For both: upload your character file when you know the target. Retargeting at generation time is faster and cleaner than doing it manually after the fact. Upload the mesh you intend to use and the output arrives already fitted to your rig.
For both: start with a short test clip before committing to a long generation. Run 3 to 5 seconds first to verify the motion concept works, then re-run at the final duration you need.
Known Limitations
Human motion only. Both models are trained on human motion capture. Non-human creatures, quadrupeds, and highly stylized or mechanical motion are not within the intended use case and may produce poor results.
Maximum clip length is 10 seconds. Longer sequences need to be assembled from multiple clips in your DCC.

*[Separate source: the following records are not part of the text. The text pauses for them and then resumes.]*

definition minus_free24 :: "free24 \<Rightarrow> free24 \<Rightarrow> free24" where
  "a - b = a + - (b :: free24)"

instance
proof
  fix a b c :: free24
  show "a + b + c = a + (b + c)"
    unfolding plus_free24_def by (rule free24.add_assoc)
  show "a + b = b + a"
    unfolding plus_free24_def by (rule free24.add_commute)
  show "0 + a = a"
    unfolding plus_free24_def zero_free24_def by (rule free24.add_zero_left)
  show "- a + a = 0"
    unfolding plus_free24_def zero_free24_def uminus_free24_def by (rule free24.add_neg_left)
  show "a - b = a + - b"
    by (rule minus_free24_def)
qed

end

lemma twist_free24_add: "free24.twist (a + b) = free24.twist a + free24.twist b"
  unfolding plus_free24_def by (rule free24.twist_add)

lemma twist_free24_zero: "free24.twist 0 = 0"
  unfolding zero_free24_def by (rule free24.twist_unit)

lemma twist_free24_diff: "free24.twist (a - b) = free24.twist a - free24.twist b"
proof -
  have "free24.twist (a - b) + free24.twist b = free24.twist a"
    by (simp flip: twist_free24_add)
  then show ?thesis
    by (simp add: eq_diff_eq)
qed

lemma free_mult_eq_affine: "free_mult a b = free24.twist a + free_mult 0 0 - b"
proof -
  have "free_mult a b + b = free24.twist a + free_mult 0 0"
    unfolding plus_free24_def zero_free24_def by (rule free24.add_mult_right)
  then show ?thesis
    by (simp add: eq_diff_eq)
qed

text \<open>An atom (b, n) stands for \<phi>^b x_n, except that (b, 0) stands for \<phi>^b k: the variable x_0
  is the unit e, i.e. the zero of the group.\<close>

fun pos_atoms :: "gterm \<Rightarrow> (bool \<times> nat) multiset"
  and neg_atoms :: "gterm \<Rightarrow> (bool \<times> nat) multiset" where
  "pos_atoms (Var n) = (if n = 0 then {#} else {#(False, n)#})"
| "pos_atoms (s \<cdot> t) = image_mset (apfst Not) (pos_atoms s) + neg_atoms t + {#(False, 0)#}"
| "neg_atoms (Var n) = {#}"
| "neg_atoms (s \<cdot> t) = image_mset (apfst Not) (neg_atoms s) + pos_atoms t"

definition atom_coeff :: "gterm \<Rightarrow> bool \<times> nat \<Rightarrow> int" where
  "atom_coeff t a = int (count (pos_atoms t) a) - int (count (neg_atoms t) a)"

definition atom_free24 :: "bool \<times> nat \<Rightarrow> free24" where
  "atom_free24 = (\<lambda>(b, n). (if b then free24.twist else id)
                             (if n = 0 then free_mult 0 0 else abs_free24 (Var n)))"

lemma twist_free24_sum_mset: "free24.twist (\<Sum>a\<in>#M. f a) = (\<Sum>a\<in>#M. free24.twist (f a))"
  by (induction M) (simp_all add: twist_free24_add twist_free24_zero)

lemma atom_free24_apfst_Not: "atom_free24 (apfst Not a) = free24.twist (atom_free24 a)"
  by (cases a) (simp add: atom_free24_def free24.twist_twist)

Video-to-Motion has no quality controls. Unlike Text-to-Motion, there are no steps or guidance parameters. Output quality is determined entirely by the input video. Improving the result means improving the input.
Fine details need cleanup. Complex hair, loose clothing, and partially occluded limbs are challenging for both models. Expect to do some cleanup in a DCC for production assets.
Use Cases
Game development: Generate locomotion, combat, idle, and interaction animations without a mocap session. Use Text-to-Motion for common actions, Video-to-Motion to capture specific movements from reference footage.
Film and previs: Block out character performance and staging from a text description, or extract timing from on-set actor reference, before committing to keyframe animation or full mocap.
Virtual humans and avatars: Build motion libraries for social platform avatars, virtual presenters, or interactive characters quickly from prompts or reference clips.
Rapid prototyping: Validate animation concepts, camera angles, and character blocking early in production without needing an animator for every iteration.